Jon and Darci Klein join their children, Maddie and Sam, in marveling at a frog found outside their Newton home.
(JOANNE RATHE/GLOBE STAFF)
Through loss, a book of hope is born
Jon and Darci Klein join their children, Maddie and Sam, in marveling at a frog found outside their Newton home.
(JOANNE RATHE/GLOBE STAFF)
Newton resident Darci Klein has written a book about her desperate quest to have a family, a six-year odyssey that was harrowing, painful - and joyous.
She recounts in journal form the premature birth of her daughter Maddie, who spent seven weeks in a neonatal intensive-care unit. She writes about her three lost pregnancies, including twins at five months, and the full-term birth of her son, Sam.
Released in June by Penguin Books, "To Full Term" is a memoir that also supplies medical research and a guide to dealing with pregnancy loss. It discusses available tests and has support group listings.
The information comes from Klein's unrelenting attempts to figure things out on her own as she suffered though the miscarriages.
Klein spent two years sifting through medical studies to find an answer. A career market researcher with a concentration in statistics, Klein asked her doctor to administer a thorough set of tests. From the findings, she was eventually diagnosed with factor V Leiden, a common hereditary blood coagulation disorder, and a condition known as cervical incompetence.
With treatment, Klein gave birth to Sam in 2004; her fifth pregnancy, it was the only one carried to term.
One of the most revealing studies that Klein unearthed came from Dr. Mary Stephenson, a University of Chicago professor and director of the school's program focused on recurrent pregnancy loss. Stephenson's research concluded that when a pregnancy is lost after 10 weeks gestation, the likelihood that chromosomal abnormalities are the cause is less than 5 percent, meaning 95 percent of losses after 10 weeks are caused by medical disorders.
"Shouldn't miscarriage be viewed as a legitimate medical symptom that warrants investigation?" asked Klein, 41, during an interview at her Newton home.
Klein has also launched a website, Prevent Pregnancy Loss (preventpregnancyloss.org), as an educational resource for women and to advocate for testing. She hopes that the information she disseminates will prevent others from enduring the physical and emotional pain she and her husband suffered.
Wearing black-rimmed glasses, her straight blond hair pulled back in a ponytail, Klein talked about the day her daughter was born in San Francisco in 1997.
"I was looking at a 3-pound baby with tubes running everywhere," said Klein. "She was on a ventilator, and for the first 48 hours the doctors gave us no odds on her survival."
Maddie survived with no long-term effects.
Over the next few years came three miscarriages. In her book, Klein recounts the details of labor in which she was forced to deliver her twins "into a world that offered them only death."
The repeated losses created a difficult relationship between Klein and her husband, Jon, which she openly shares with readers:
"Every tragedy has wedged a slightly wider gap between us," Klein recounts in her book. "The first happened when our daughter Maddie was born 12 weeks premature. We watched her through different eyes as she fought in a neonatal intensive-care unit for nearly two months before coming home. And then the losses came, when pieces of me shattered and he struggled to understand why. I've spent the last six years stumbling from pregnancy to pregnancy, filling the gaps with work as my grief mounted, grappling to reconnect the strands of marriage frayed after repeated loss was borne so differently."
Jon Klein, who runs a management-consulting firm, agrees that the long road was not easy.
"The first miscarriage didn't hit me as strongly, but when we lost the twins at 20 weeks and both expected the babies, it hit me very, very hard," he said.
Stephenson said Klein's book has been inspirational for her patients in the pregnancy-loss program.
"We need to evaluate couples sooner," she said in a phone interview. "Patients need to know why they had a miscarriage - and how do we know why? By sending the miscarriage tissue for chromosomal testing."

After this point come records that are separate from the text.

lemma square_integrable_add:
  fixes f g :: "'a \<Rightarrow> 'b::{real_normed_vector, second_countable_topology}"
  assumes "square_integrable M f" "square_integrable M g"
  shows "square_integrable M (\<lambda>x. f x + g x)"
proof -
  have [measurable]: "f \<in> borel_measurable M" "g \<in> borel_measurable M"
    using assms by (simp_all add: square_integrable_def)
  have "(norm (f x + g x))\<^sup>2 \<le> 2 * ((norm (f x))\<^sup>2 + (norm (g x))\<^sup>2)" for x
  proof -
    have "(norm (f x + g x))\<^sup>2 \<le> (norm (f x) + norm (g x))\<^sup>2"
      by (intro power_mono norm_triangle_ineq) simp
    also have "\<dots> \<le> 2 * ((norm (f x))\<^sup>2 + (norm (g x))\<^sup>2)"
      using sum_squares_bound[of "norm (f x)" "norm (g x)"] by (simp add: power2_sum)
    finally show ?thesis .
  qed
  then have "(\<integral>\<^sup>+ x. ennreal ((norm (f x + g x))\<^sup>2) \<partial>M)
      \<le> (\<integral>\<^sup>+ x. ennreal (2 * ((norm (f x))\<^sup>2 + (norm (g x))\<^sup>2)) \<partial>M)"
    by (intro nn_integral_mono ennreal_leI)
  also have "\<dots> = (\<integral>\<^sup>+ x. ennreal 2 * ennreal ((norm (f x))\<^sup>2 + (norm (g x))\<^sup>2) \<partial>M)"
    by (intro nn_integral_cong ennreal_mult) auto
  also have "\<dots> = ennreal 2 * (\<integral>\<^sup>+ x. ennreal ((norm (f x))\<^sup>2 + (norm (g x))\<^sup>2) \<partial>M)"
    by (rule nn_integral_cmult) measurable
  also have "\<dots> < \<infinity>"
    using nn_integral_sum_of_squares_finite[OF assms] by (simp add: ennreal_mult_less_top)
  finally have "(\<integral>\<^sup>+ x. ennreal ((norm (f x + g x))\<^sup>2) \<partial>M) < \<infinity>" .
  moreover have "(\<lambda>x. f x + g x) \<in> borel_measurable M"
    by measurable
  ultimately show ?thesis
    by (simp add: square_integrable_def)
qed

The Kleins moved to Massachusetts in 2003, with San Francisco holding too many painful memories. "It's a beautiful city but I felt like that's where I lost my babies; we needed a change . . . a big one," she said.
There was no job or family waiting to greet them here. What they did get was a fresh start. Two weeks after the move, Klein learned she was pregnant. Nine months later she gave birth to Sam.
In her book, Klein recounts the feelings that she and her husband experienced at the time:
"Jon looks at me on the table and nods before shielding his eyes to hide his tears. My chin quivers. We actually made it, past the constant danger that threatened to preclude this moment, threatened to steal this wondrous child that will grow up and strive to somehow make the world better. We now stare in near disbelief at the miracle that stretches and squirms and puckers before us, and today, we have both seen grace."